The latest you tube on the TM15 (the one which shows beam shots of white garage doors at a condo complex) is very impressive for output and throw, even comparable to the Spark SP6 (XMLx5).

SP6: http://www.youtube.com/watch?v=LNKH6cEe9qE
TM15: http://www.youtube.com/watch?v=Z2-a3AmLjfI


----------



## MiningEng (Nov 8, 2012)

Just ordered my TM15 and really looking forward to receiving it!


----------



## Yourfun2 (Nov 8, 2012)

carl said:


> Huge actual difference in output for a mere calculated difference of 450 lumens!jfI


That is why I think the TM11 may be an early model or have neutral LED's.


----------



## Sberri (Nov 8, 2012)

I have just tested my new TM15 vs my old TM11 both CW. The TM 15 is definitely brighter by large but the tint is cooler.


----------



## Yourfun2 (Nov 8, 2012)

Sberri said:


> I have just tested my new TM15 vs my old TM11 both CW. The TM 15 is definitely brighter by large but the tint is cooler.


Thank You. Now wondering about the throw. The example above, the TM11 shows less flood or narrower beam. I though it would be the opposite?


----------



## Sberri (Nov 8, 2012)

Yourfun2 said:


> Thank You. Now wondering about the throw. The example above, the TM11 shows less flood or narrower beam. I though it would be the opposite?



The TM 15 throws better than the TM 11. spill is also brighter but narrower.


----------



## Yourfun2 (Nov 8, 2012)

I have come to like the flood from my TM11. When I go out at night, I like seeing if anything may be coming at me. When I use my TN31, I feel like I'm walking through a tunnel. Since one of my LED's went out, I could pay the extra $100+ and go TM15. Not sure it would be worth it.


----------



## sidecross (Nov 8, 2012)

Yourfun2 said:


> I have come to like the flood from my TM11. When I go out at night, I like seeing if anything may be coming at me. When I use my TN31, I feel like I'm walking through a tunnel. Since one of my LED's went out, I could pay the extra $100+ and go TM15. Not sure it would be worth it.

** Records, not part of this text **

(* Let $X$ be a hyperbolic approximation with parameter $r$ of a metric space $Z$, and let $v_1,v_2$ be any two vertices of $X$. If $w$ is a branch point of $\{v_1,v_2\}$, then \[\frac{r^2}{4}\,\operatorname{diam}(B(w))\le\operatorname{diam}(B(v_1)\cup B(v_2)),\] i.e. $\frac{r^2}{4}\le\frac{\operatorname{diam}(B(v_1)\cup B(v_2))}{\operatorname{diam}(B(w))}$ whenever $\operatorname{diam}(B(w))>0$.
   Context: Hyperbolic approximation: let $(Z,d)$ be a metric space and fix a parameter $r$ with $0<r\le1/6$. For every $k\in\mathbb{Z}$ choose a maximal $r^k$-separated set $V_k\subset Z$ (distinct points at distance $\ge r^k$, maximal with this property). For $v\in V_k$ let $B(v)$ be the ball in $Z$ of radius $2r^k$ centred at $v$, $\bar B(v)$ the closed ball. The vertex set $V$ consists, for each $k$, of the balls $B(v)$, $v\in V_k$ (equal balls from the same level give the same vertex; equal balls at different levels are different vertices); a vertex from level $k$ has level $l(v)=k$. Two vertices are joined by an edge iff they are on the same level and their closed balls intersect (horizontal edge), or they are on neighbouring levels $k,k+1$ and the ball of the level-$(k+1)$ vertex is contained in the ball of the level-$k$ vertex (radial edge). $X$ carries the path metric with all edges of length $1$. A radial geodesic is an edge path all of whose edges are radial and along which the level function is monotone. For $V'\subset V$, a vertex $u$ is a cone point of $V'$ if $l(u)\le\inf_{v\in V'}l(v)$ and every $v\in V'$ is connected to $u$ by a radial geodesic; a branch point of $V'$ is a cone point of maximal level. *)

theory Defs
  imports "HOL-Analysis.Analysis"
begin

text \<open>The metric space Z is the whole carrier of a type of class metric_space.
  A vertex of the hyperbolic approximation is a pair (k, B) of its level k and
  its ball B = ball v (2 r^k) with v in V k (so equal balls on the same level
  give the same vertex, equal balls on different levels different vertices).\<close>

definition separated_set :: "real \<Rightarrow> 'a::metric_space set \<Rightarrow> bool" where
  "separated_set e S \<longleftrightarrow> (\<forall>x\<in>S. \<forall>y\<in>S. x \<noteq> y \<longrightarrow> e \<le> dist x y)"

definition maximal_separated_set :: "real \<Rightarrow> 'a::metric_space set \<Rightarrow> bool" where
  "maximal_separated_set e S \<longleftrightarrow>
     separated_set e S \<and> (\<forall>T. S \<subseteq> T \<and> separated_set e T \<longrightarrow> T = S)"

definition hyp_approx_data :: "real \<Rightarrow> (int \<Rightarrow> 'a::metric_space set) \<Rightarrow> bool" where
  "hyp_approx_data r V \<longleftrightarrow> 0 < r \<and> r \<le> 1/6 \<and> (\<forall>k. maximal_separated_set (r powi k) (V k))"

definition hyp_vertices :: "real \<Rightarrow> (int \<Rightarrow> 'a::metric_space set) \<Rightarrow> (int \<times> 'a set) set" where
  "hyp_vertices r V = {(k, ball v (2 * r powi k)) | k v. v \<in> V k}"

text \<open>Radial edges (horizontal edges are never used by radial geodesics).\<close>
definition radial_edge :: "real \<Rightarrow> (int \<Rightarrow> 'a::metric_space set) \<Rightarrow> int \<times> 'a set \<Rightarrow> int \<times> 'a set \<Rightarrow> bool" where
  "radial_edge r V a b \<longleftrightarrow> a \<in> hyp_vertices r V \<and> b \<in> hyp_vertices r V \<and>
     ((fst b = fst a + 1 \<and> snd b \<subseteq> snd a) \<or> (fst a = fst b + 1 \<and> snd a \<subseteq> snd b))"

definition radial_geodesic :: "real \<Rightarrow> (int \<Rightarrow> 'a::metric_space set) \<Rightarrow> (int \<times> 'a set) list \<Rightarrow> bool" where
  "radial_geodesic r V p \<longleftrightarrow> p \<noteq> [] \<and> set p \<subseteq> hyp_vertices r V \<and>
     (\<forall>i. Suc i < length p \<longrightarrow> radial_edge r V (p ! i) (p ! Suc i)) \<and>
     ((\<forall>i j. i \<le> j \<and> j < length p \<longrightarrow> fst (p ! i) \<le> fst (p ! j)) \<or>
      (\<forall>i j. i \<le> j \<and> j < length p \<longrightarrow> fst (p ! j) \<le> fst (p ! i)))"

definition radially_connected :: "real \<Rightarrow> (int \<Rightarrow> 'a::metric_space set) \<Rightarrow> int \<times> 'a set \<Rightarrow> int \<times> 'a set \<Rightarrow> bool" where
  "radially_connected r V u v \<longleftrightarrow> (\<exists>p. radial_geodesic r V p \<and> hd p = v \<and> last p = u)"

definition cone_point :: "real \<Rightarrow> (int \<Rightarrow> 'a::metric_space set) \<Rightarrow> (int \<times> 'a set) set \<Rightarrow> int \<times> 'a set \<Rightarrow> bool" where
  "cone_point r V W u \<longleftrightarrow> u \<in> hyp_vertices r V \<and> (\<forall>v\<in>W. fst u \<le> fst v) \<and>
     (\<forall>v\<in>W. radially_connected r V u v)"

definition branch_point :: "real \<Rightarrow> (int \<Rightarrow> 'a::metric_space set) \<Rightarrow> (int \<times> 'a set) set \<Rightarrow> int \<times> 'a set \<Rightarrow> bool" where
  "branch_point r V W u \<longleftrightarrow> cone_point r V W u \<and> (\<forall>u'. cone_point r V W u' \<longrightarrow> fst u' \<le> fst u)"

end

theory Submission
  imports Defs
begin

text \<open>Let the branch point w lie on level k. If k is the level of v1 or v2, then w is that vertex,
  because a radial geodesic between distinct vertices of the same level cannot exist. Otherwise
  maximality of k says there is no cone point on level k + 1. But if the centres x1, x2 of v1, v2
  were closer than r^(k+1)/2, a point of V(k+1) within 3/2 r^(k+1) of both would be a cone point:
  from it one descends radially towards x1 (and x2) through points of the finer nets near x1,
  and r \<le> 1/6 keeps each ball of the descent inside its predecessor. Hence
  diam (B v1 \<union> B v2) \<ge> dist x1 x2 \<ge> r^(k+1)/2 \<ge> r^2/4 \<cdot> 4 r^k \<ge> r^2/4 \<cdot> diam B(w).\<close>

lemma maximal_separated_set_dist_lt:
  assumes "maximal_separated_set e S" "0 < e"
  shows "\<exists>y\<in>S. dist x y < e"
proof (rule ccontr)
  assume "\<not> ?thesis"
  then have far: "\<forall>y\<in>S. e \<le> dist x y" by (simp add: not_less)
  then have "separated_set e (insert x S)"
    using assms(1) unfolding maximal_separated_set_def separated_set_def
    by (auto simp: dist_commute)
  then have "x \<in> S" using assms(1) unfolding maximal_separated_set_def by blast
  with far assms(2) show False by force
qed

lemma diameter_ball_le:
  fixes c :: "'a::metric_space"
  assumes "0 < \<rho>"
  shows "diameter (ball c \<rho>) \<le> 2 * \<rho>"
proof (rule ccontr)
  assume "\<not> ?thesis"
  then obtain x y where "x \<in> ball c \<rho>" "y \<in> ball c \<rho>" "2 * \<rho> < dist x y"
    using diameter_lower_bounded[of "ball c \<rho>" "2 * \<rho>"] assms by auto
  moreover have "dist x y \<le> dist c x + dist c y"
    by (metis dist_commute dist_triangle)
  ultimately show False by simp
qed

lemma radial_geodesic_descending:
  assumes "\<And>j. j \<le> d \<Longrightarrow> (m - int j, B j) \<in> hyp_vertices r V"
    and "\<And>j. j < d \<Longrightarrow> B j \<subseteq> B (Suc j)"
  shows "radial_geodesic r V (map (\<lambda>j. (m - int j, B j)) [0..<Suc d])"
  using assms unfolding radial_geodesic_def radial_edge_def
  by (auto simp del: upt_Suc) (metis Suc_leI of_nat_Suc add.commute)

New version 3 TM11 can still be found for $180 or less. :thumbsup:


----------



## liteboy (Nov 17, 2012)

Just received my TM-11 (bought from Amazon. kudos for quick shipping by the way.) however, two big thumbs down for the light overall. here's why:
1. battery tube section feels thin and cheap
2. on the battery tube and near the tail, there are large patches of missing anodizing.
3. there are imperfections under the front glass and steel bezel.
4. tint is greenish even though I requested neutral.
5. o-ring is too thin and gets compressed all out of shape as the sections are screwed together

However, it is indeed a small light for the amount of output and I just love the versatility re batteries it can use. this is why I will exchange for another, hoping mine was just a overlook in QC.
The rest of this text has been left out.